▶ [Work item] Reproduce precisely the lines of the listing below, starting with the line that contains "define T\<^sub>2 where" and stopping after the line that contains "n) T (\<rho>"; include nothing else.

(Data extracts begins)

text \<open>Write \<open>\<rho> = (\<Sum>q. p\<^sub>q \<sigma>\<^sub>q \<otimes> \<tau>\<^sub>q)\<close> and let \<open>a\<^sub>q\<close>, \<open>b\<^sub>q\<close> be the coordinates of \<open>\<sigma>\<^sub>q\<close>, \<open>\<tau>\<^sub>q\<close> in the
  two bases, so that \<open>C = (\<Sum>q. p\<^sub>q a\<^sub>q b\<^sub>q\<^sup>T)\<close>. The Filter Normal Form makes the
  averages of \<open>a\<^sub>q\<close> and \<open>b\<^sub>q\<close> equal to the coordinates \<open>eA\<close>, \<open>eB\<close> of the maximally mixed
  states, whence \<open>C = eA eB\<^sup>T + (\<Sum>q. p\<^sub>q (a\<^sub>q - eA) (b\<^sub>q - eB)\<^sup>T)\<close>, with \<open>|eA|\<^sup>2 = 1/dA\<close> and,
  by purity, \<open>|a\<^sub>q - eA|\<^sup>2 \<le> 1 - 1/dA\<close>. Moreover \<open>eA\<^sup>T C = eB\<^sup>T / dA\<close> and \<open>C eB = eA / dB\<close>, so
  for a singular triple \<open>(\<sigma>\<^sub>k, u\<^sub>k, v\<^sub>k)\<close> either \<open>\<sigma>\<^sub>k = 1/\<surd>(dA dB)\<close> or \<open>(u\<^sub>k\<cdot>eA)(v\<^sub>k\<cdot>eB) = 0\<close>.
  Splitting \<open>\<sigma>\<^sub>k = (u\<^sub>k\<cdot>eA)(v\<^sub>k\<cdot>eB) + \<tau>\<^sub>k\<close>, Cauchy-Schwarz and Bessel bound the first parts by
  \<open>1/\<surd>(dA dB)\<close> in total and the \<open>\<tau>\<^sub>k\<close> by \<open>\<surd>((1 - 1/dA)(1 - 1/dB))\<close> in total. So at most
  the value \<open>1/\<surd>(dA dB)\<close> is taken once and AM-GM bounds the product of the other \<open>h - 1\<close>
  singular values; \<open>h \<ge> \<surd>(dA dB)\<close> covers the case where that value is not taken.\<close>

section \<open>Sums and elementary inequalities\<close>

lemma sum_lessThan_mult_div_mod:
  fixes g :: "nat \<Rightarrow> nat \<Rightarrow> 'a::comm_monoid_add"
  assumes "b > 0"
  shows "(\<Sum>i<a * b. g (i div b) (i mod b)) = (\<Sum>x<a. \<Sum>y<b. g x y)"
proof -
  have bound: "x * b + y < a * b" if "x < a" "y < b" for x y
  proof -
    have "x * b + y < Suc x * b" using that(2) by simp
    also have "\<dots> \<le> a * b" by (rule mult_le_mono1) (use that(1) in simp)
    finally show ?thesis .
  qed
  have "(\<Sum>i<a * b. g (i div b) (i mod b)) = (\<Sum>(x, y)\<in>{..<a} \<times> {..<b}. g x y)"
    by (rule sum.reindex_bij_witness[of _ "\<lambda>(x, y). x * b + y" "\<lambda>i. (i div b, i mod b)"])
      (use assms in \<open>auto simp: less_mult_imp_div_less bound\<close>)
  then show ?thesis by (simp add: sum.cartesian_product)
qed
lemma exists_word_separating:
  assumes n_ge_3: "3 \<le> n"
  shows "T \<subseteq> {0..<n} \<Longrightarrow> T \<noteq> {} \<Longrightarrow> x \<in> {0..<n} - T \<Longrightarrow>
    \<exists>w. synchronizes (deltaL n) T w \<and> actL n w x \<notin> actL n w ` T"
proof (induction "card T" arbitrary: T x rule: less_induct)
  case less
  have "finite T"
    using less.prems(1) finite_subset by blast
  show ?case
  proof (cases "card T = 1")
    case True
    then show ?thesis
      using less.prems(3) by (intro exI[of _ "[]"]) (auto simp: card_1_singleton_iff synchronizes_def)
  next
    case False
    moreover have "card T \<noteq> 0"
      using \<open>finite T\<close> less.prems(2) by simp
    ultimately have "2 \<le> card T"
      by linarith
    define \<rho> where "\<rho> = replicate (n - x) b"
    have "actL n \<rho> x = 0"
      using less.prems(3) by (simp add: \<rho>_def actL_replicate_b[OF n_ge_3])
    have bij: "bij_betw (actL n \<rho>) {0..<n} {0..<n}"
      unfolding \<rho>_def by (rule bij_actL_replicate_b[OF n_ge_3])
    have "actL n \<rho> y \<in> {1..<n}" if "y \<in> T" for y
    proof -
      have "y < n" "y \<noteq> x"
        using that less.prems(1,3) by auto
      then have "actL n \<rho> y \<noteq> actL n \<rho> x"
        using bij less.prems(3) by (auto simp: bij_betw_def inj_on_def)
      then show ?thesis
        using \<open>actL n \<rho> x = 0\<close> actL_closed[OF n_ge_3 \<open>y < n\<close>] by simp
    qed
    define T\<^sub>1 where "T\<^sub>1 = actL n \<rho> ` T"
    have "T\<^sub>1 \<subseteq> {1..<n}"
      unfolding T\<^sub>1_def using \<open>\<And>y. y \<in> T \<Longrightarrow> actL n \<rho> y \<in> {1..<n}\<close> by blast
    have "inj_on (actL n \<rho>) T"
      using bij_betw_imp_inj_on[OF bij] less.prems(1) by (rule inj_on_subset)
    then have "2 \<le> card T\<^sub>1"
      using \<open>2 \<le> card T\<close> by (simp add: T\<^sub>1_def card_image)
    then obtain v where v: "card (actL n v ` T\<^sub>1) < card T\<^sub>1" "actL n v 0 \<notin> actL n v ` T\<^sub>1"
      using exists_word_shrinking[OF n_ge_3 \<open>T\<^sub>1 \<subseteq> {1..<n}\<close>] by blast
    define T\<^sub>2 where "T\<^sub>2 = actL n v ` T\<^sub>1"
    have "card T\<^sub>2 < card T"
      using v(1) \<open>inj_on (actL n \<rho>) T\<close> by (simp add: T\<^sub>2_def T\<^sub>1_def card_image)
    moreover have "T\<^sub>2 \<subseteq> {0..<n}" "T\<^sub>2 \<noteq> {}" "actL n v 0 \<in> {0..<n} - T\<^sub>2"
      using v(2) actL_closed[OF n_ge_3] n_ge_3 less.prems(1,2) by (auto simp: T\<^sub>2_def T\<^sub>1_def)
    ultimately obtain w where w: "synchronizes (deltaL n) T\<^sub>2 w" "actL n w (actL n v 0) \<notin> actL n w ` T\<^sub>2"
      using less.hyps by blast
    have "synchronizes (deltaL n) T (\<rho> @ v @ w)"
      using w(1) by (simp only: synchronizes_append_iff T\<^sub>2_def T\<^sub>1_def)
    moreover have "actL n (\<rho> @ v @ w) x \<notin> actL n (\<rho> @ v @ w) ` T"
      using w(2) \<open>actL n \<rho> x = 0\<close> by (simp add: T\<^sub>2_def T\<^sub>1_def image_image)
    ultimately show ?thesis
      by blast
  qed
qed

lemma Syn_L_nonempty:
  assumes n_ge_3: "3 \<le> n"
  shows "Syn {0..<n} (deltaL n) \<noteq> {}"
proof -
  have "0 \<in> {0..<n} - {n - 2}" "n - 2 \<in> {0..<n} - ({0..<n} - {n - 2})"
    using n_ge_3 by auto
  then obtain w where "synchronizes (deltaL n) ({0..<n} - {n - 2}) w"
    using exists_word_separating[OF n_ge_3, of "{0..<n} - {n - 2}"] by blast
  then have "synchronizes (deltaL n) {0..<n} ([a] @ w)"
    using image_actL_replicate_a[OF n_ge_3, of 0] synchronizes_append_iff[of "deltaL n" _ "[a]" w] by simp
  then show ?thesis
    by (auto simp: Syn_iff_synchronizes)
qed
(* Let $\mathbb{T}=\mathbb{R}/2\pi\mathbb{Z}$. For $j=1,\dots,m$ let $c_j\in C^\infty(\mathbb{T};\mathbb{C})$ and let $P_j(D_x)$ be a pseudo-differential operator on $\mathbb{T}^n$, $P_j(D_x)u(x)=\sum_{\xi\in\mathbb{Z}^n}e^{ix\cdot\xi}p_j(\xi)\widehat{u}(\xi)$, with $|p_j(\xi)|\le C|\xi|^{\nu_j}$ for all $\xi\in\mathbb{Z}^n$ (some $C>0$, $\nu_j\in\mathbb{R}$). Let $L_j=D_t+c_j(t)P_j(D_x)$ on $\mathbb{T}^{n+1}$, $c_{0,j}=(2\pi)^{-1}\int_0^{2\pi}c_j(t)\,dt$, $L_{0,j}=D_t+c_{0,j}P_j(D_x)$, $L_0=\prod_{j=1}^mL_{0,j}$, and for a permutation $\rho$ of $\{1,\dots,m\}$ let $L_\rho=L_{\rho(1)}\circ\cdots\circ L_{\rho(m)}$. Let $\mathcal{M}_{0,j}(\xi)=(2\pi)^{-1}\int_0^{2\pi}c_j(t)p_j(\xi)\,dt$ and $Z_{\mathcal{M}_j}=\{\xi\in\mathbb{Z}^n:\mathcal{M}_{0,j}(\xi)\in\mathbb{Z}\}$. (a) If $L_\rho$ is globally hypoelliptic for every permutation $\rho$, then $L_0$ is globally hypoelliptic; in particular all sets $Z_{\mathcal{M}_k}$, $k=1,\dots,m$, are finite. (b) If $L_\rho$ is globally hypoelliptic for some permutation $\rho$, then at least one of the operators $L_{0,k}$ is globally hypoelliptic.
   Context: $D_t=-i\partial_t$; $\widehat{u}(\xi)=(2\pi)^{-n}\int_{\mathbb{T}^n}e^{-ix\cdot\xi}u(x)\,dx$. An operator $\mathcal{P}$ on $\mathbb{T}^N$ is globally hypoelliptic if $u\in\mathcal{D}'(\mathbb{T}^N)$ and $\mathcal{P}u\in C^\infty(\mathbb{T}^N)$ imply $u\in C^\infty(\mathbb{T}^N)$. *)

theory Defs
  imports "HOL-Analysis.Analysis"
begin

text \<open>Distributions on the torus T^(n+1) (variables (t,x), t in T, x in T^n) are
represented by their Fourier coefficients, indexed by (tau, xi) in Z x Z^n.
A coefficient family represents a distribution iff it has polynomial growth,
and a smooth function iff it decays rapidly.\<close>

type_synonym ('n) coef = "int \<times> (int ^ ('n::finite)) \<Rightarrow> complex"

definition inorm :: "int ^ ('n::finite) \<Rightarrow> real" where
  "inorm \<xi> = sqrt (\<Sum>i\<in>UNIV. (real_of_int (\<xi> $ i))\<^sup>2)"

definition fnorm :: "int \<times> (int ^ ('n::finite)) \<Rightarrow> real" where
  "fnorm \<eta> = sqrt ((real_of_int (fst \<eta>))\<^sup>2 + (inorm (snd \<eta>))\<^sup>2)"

(Data extracts ends)

▶ [Answer for the task]
    define T\<^sub>2 where "T\<^sub>2 = actL n v ` T\<^sub>1"
    have "card T\<^sub>2 < card T"
      using v(1) \<open>inj_on (actL n \<rho>) T\<close> by (simp add: T\<^sub>2_def T\<^sub>1_def card_image)
    moreover have "T\<^sub>2 \<subseteq> {0..<n}" "T\<^sub>2 \<noteq> {}" "actL n v 0 \<in> {0..<n} - T\<^sub>2"
      using v(2) actL_closed[OF n_ge_3] n_ge_3 less.prems(1,2) by (auto simp: T\<^sub>2_def T\<^sub>1_def)
    ultimately obtain w where w: "synchronizes (deltaL n) T\<^sub>2 w" "actL n w (actL n v 0) \<notin> actL n w ` T\<^sub>2"
      using less.hyps by blast
    have "synchronizes (deltaL n) T (\<rho> @ v @ w)"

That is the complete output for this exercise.